I want to preface this blog by saying that there will be a Monsters update this week. We’re just moving Monsters updates to Sundays. This is going to work out for us and you, dear readers, in a couple of ways.
- The holidays are coming up, and we’re going to be really busy on those days. You still might not get updates on holiday weeks, but this makes it so much more likely that you will.
- Erin and I have both had some life changes happen in the last month or so, and it turns out that our original schedule isn’t doing it for us, so we’re changing it.
Now, you can check out here and come back on Sunday, or you can read a rambling blog about this character I love from an entirely different set of stories Erin and I are working on that you’ll get next year, though I make no hard and fast promises regarding when you will get them.
So, I love video games. How does this relate to Bennett Quint, she of the first short story I put on this site? Well, I’m glad you asked because I’m about to tell you.
I’ve been playing video games since I was a kid. At first, they were mostly a group activity. I’d play a few on my own but I always had more fun playing with my cousins. There were the DOS games. Cosmo’s Cosmic Adventure. Duke Nukem. Then DOOM. Dark Forces. Shadows of the Empire. Freaking Half-Life. Then the Playstation came out and we were all over that, though my memories of those games aren’t as strong as the ones that came before. Then on PS2, there was this game called TimeSplitters and I played the crap out of that with my cousins. Those were some good times.
Then I stopped playing games for a while. I went away to college and didn’t have a system. I think I played Half-Life again on my computer one time but otherwise, nothing but Solitaire, Freecell, and Minesweeper. Sometime after, I sat down with a copy of Elder Scrolls Oblivion and my sister’s PS3, and that was probably where glimmer of an idea that would be Bennett Quint started. Then came Fallout 3, which… I gotta say. I LOVE Fallout. The fact of Fallout 4 fills me with such unimaginable joy.
Anyway, for a long time, I only played open world games. I didn’t want to follow a set story. I just wanted to mess around doing what I wanted to do. And it turns out, what I wanted to do was to make a lot of money and have the best weapons and armor remotely possible. Simple goals, right? I pretty much played the same character in every open world game. My tastes have since evolved; I don’t play a lot of games, but I love a good story. But that’s a conversation filled with The Last of Us, the whole Bioshock trilogy plus DLC, Dishonored Red Dead Redemption, and Portal 2 for another time.
The characters I played were pretty similar. They were usually brunettes or red-heads, always ladies, and sneaking was right out. I did not sneak. I rush headlong into battles, holding two weapons when possible (thank you, Skyrim!), the better to beat the crap out of a bad guy. I found I couldn’t really do big evil things. I could happily steal stuff, but the big evil stuff made me squirm a bit. I never blew up Megaton, for example. I always found myself dragged into helping people with their problems because it’s a video game and I always ended up with loads of money and weapons and armor and what was I to do but solve people's’ problems?

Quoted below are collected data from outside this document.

lemma strict_pareto_iff_max_set_subset_Int:
  assumes "total_preorder R1" and "total_preorder R2" and "total_preorder R"
  shows "((\<forall>w w'. R1 w w' \<longrightarrow> strict R2 w w' \<longrightarrow> strict R w w')
        \<and> (\<forall>w w'. R2 w w' \<longrightarrow> strict R1 w w' \<longrightarrow> strict R w w'))
    \<longleftrightarrow> (\<forall>S. max_set S R1 \<inter> max_set S R2 \<noteq> {} \<longrightarrow> max_set S R \<subseteq> max_set S R1 \<inter> max_set S R2)"
proof -
  have in_max_set: "w \<in> max_set S Ra"
    if "total_preorder Ra" and pareto: "\<forall>w w'. Rb w w' \<longrightarrow> strict Ra w w' \<longrightarrow> strict R w w'"
      and va: "v \<in> max_set S Ra" and vb: "v \<in> max_set S Rb" and w: "w \<in> max_set S R"
    for Ra Rb S v w
  proof (rule ccontr)
    assume "w \<notin> max_set S Ra"
    moreover have "w \<in> S" and "R w v" using w va by (auto simp: max_set_def)
    ultimately have "strict Ra v w"
      using strict_if_max_set_notin_max_set[OF \<open>total_preorder Ra\<close> va] by blast
    moreover have "Rb v w" using vb \<open>w \<in> S\<close> by (simp add: max_set_def)
    ultimately have "strict R v w" using pareto by blast
    with \<open>R w v\<close> show False by (simp add: strict_def)
  qed
  have strict_if_max_set_subset: "strict R w w'"
    if "total_preorder Ra" and "total_preorder Rb"
      and max: "\<forall>S. max_set S Ra \<inter> max_set S Rb \<noteq> {} \<longrightarrow> max_set S R \<subseteq> max_set S Rb"
      and "Ra w w'" and "strict Rb w w'"
    for Ra Rb w w'
  proof -
    have "w \<in> max_set {w, w'} Ra" and "w \<in> max_set {w, w'} Rb"
      using that by (simp_all add: max_set_pair_iff strict_def)
    with max have "max_set {w, w'} R \<subseteq> max_set {w, w'} Rb" by blast
    moreover have "w' \<notin> max_set {w, w'} Rb"
      using that(2,5) by (simp add: strict_iff_notin_max_set_pair)
    ultimately have "w' \<notin> max_set {w, w'} R" by blast
    then show ?thesis by (simp add: strict_iff_notin_max_set_pair[OF assms(3)])
  qed
  show ?thesis
  proof
    assume pareto: "(\<forall>w w'. R1 w w' \<longrightarrow> strict R2 w w' \<longrightarrow> strict R w w')
        \<and> (\<forall>w w'. R2 w w' \<longrightarrow> strict R1 w w' \<longrightarrow> strict R w w')"
    show "\<forall>S. max_set S R1 \<inter> max_set S R2 \<noteq> {} \<longrightarrow> max_set S R \<subseteq> max_set S R1 \<inter> max_set S R2"
    proof (intro allI impI subsetI)
      fix S w
      assume "max_set S R1 \<inter> max_set S R2 \<noteq> {}" and w: "w \<in> max_set S R"
      then obtain v where v1: "v \<in> max_set S R1" and v2: "v \<in> max_set S R2" by blast
      have "w \<in> max_set S R1" using in_max_set[OF assms(1) _ v1 v2 w] pareto by blast
      moreover have "w \<in> max_set S R2" using in_max_set[OF assms(2) _ v2 v1 w] pareto by blast
      ultimately show "w \<in> max_set S R1 \<inter> max_set S R2" by blast
    qed
  next
    assume max: "\<forall>S. max_set S R1 \<inter> max_set S R2 \<noteq> {} \<longrightarrow> max_set S R \<subseteq> max_set S R1 \<inter> max_set S R2"
    then have max12: "\<forall>S. max_set S R1 \<inter> max_set S R2 \<noteq> {} \<longrightarrow> max_set S R \<subseteq> max_set S R2"
      and max21: "\<forall>S. max_set S R2 \<inter> max_set S R1 \<noteq> {} \<longrightarrow> max_set S R \<subseteq> max_set S R1"
      by blast+
    show "(\<forall>w w'. R1 w w' \<longrightarrow> strict R2 w w' \<longrightarrow> strict R w w')
        \<and> (\<forall>w w'. R2 w w' \<longrightarrow> strict R1 w w' \<longrightarrow> strict R w w')"
      using strict_if_max_set_subset[OF assms(1,2) max12] strict_if_max_set_subset[OF assms(2,1) max21]
      by blast
  qed
qed
(* Fix integers $k,l\geq 2$, $m\ge 1$, $a\in\mathbb{Z}$, a polynomial $R(x_1,\dots,x_m)\in\mathbb{Z}[x_1,\dots,x_m]$, and integers $0\le s\le r$ with $r\ge1$. Let $P(x)=(x-a)^e\prod_{j=1}^t P_j(x)^{e_j}\in\mathbb{Z}[x]$ with $e\geq1$, $e_j\ge1$, where $P_1,\dots,P_t\in\mathbb{Z}[x]$ are distinct irreducible polynomials. Then the equation $$P(x)=\prod_{i=1}^s n_i!\cdot\prod_{i=s+1}^r n_i!!$$ has only finitely many solutions $(n_1,\dots,n_r,x)$ with $n_1,\dots,n_r$ positive integers and $x\in S_{a,R}$.
   Context: For a positive integer $x=\prod_{i\in I}p_i^{\alpha_i}$, $K(x)=\max_{i\in I}\alpha_i$ (with $K(1)=0$) and $\omega(x)=|I|$. $\mathcal{F}_k=\{x\in\mathbb{N}: K(x)<k\}$, $\mathcal{P}_l=\{x\in\mathbb{N}:\omega(x)<l\}$, and $\mathcal{F}_k\mathcal{P}_l=\{yz: y\in\mathcal{F}_k, z\in\mathcal{P}_l\}$. $S_{a,R}=\{x_1\cdots x_m\cdot R(x_1,\dots,x_m)+a : x_1,\dots,x_m\in\mathcal{F}_k\mathcal{P}_l\}$. $n!!$ is the double factorial. *)

theory Defs
  imports "HOL-Computational_Algebra.Computational_Algebra"
begin

definition Kexp :: "nat \<Rightarrow> nat" where
  "Kexp x = Max (insert 0 ((\<lambda>p. multiplicity p x) ` prime_factors x))"

definition omega :: "nat \<Rightarrow> nat" where
  "omega x = card (prime_factors x)"

definition Fk :: "nat \<Rightarrow> nat set" where
  "Fk k = {x. x > 0 \<and> Kexp x < k}"

definition Pl :: "nat \<Rightarrow> nat set" where
  "Pl l = {x. x > 0 \<and> omega x < l}"

definition FkPl :: "nat \<Rightarrow> nat \<Rightarrow> nat set" where
  "FkPl k l = {y * z | y z. y \<in> Fk k \<and> z \<in> Pl l}"

(* A polynomial in Z[x_1,...,x_m] is represented as a finite list of monomials
   (c, e), meaning c * x_1^(e 0) * ... * x_m^(e (m-1)). Variables x_{i+1} = xs ! i. *)
definition mpoly_eval :: "nat \<Rightarrow> (int \<times> (nat \<Rightarrow> nat)) list \<Rightarrow> int list \<Rightarrow> int" where
  "mpoly_eval m R xs = (\<Sum>(c, e) \<leftarrow> R. c * (\<Prod>i<m. (xs ! i) ^ e i))"

definition S_set :: "nat \<Rightarrow> nat \<Rightarrow> nat \<Rightarrow> int \<Rightarrow> (int \<times> (nat \<Rightarrow> nat)) list \<Rightarrow> int set" where
  "S_set k l m a R = {int (prod_list xs) * mpoly_eval m R (map int xs) + a
                       | xs. length xs = m \<and> set xs \<subseteq> FkPl k l}"

fun dfact :: "nat \<Rightarrow> nat" where
  "dfact 0 = 1"
| "dfact (Suc 0) = 1"
| "dfact (Suc (Suc n)) = Suc (Suc n) * dfact n"

end

theory Submission
  imports Defs
begin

Eventually, I named a Skyrim character Bennett Quint. And there she was. Fully formed and ready for writing. I started writing about her. Not Skyrim stories. The world of Tamriel is a little too full of super stock fantasy elements for me. We don’t all have to follow the rules Tolkien and D&D set out for us, guys. Elves and orcs had no place in her world. She did have magical powers but they were the vague, half-formed magical powers of a woman who never had any time to study. She had been fighting since she could hold a sword. She wanted money and security. She would have understood Scarlet O’Hara’s declaration at the end of Act I of Gone With the Wind: “As God is my witness, I’ll never be hungry again!”
When Skyrim introduced the house-building mechanics, the half-formed storyline for Bennett took another step toward being what it is today. Bennett ends up saddled with responsibilities she doesn’t want. She ends up with an estate and people to care for, though it is an expensive endeavor and the burden rests heavily on her. But she doesn’t fight it. She accepts it, however grudgingly, because what would they do if she left?
Adding the word ‘grudgingly’ was by no means by accident. Bennett is the sort of person who stares responsibility in the face, wishes to turn away, but stands her ground because it’s the right thing to do. She knows it’s the right thing to do and Bennett accepts truth easily.
Bennett became a certain sort of fantasy hero. She’s not a bumbler-turned-hero. She’s a fearless and able fighter, gifted with strange magic, not traditionally educated but intelligent and rational nonetheless. She is a simple person with simple intentions. She isn’t rich, isn’t royalty. But she knows what she’s good at, and she does it to the best of her ability because it doesn’t make sense to her to do anything else.
And she’s far from perfect. And then my writing partner Erin came in with this other character who is the same in a lot of ways and exactly the opposite in a lot of other ways and they were beautiful as partners, illuminating each other’s strengths and failings. Then, as it does, it got a lot bigger than the kind of buddy adventure story turned Princess Bride-style romance. Some heroes are born and some are made, and most are a little of both. Her story is full of heroes and she’s just the tip of the iceberg.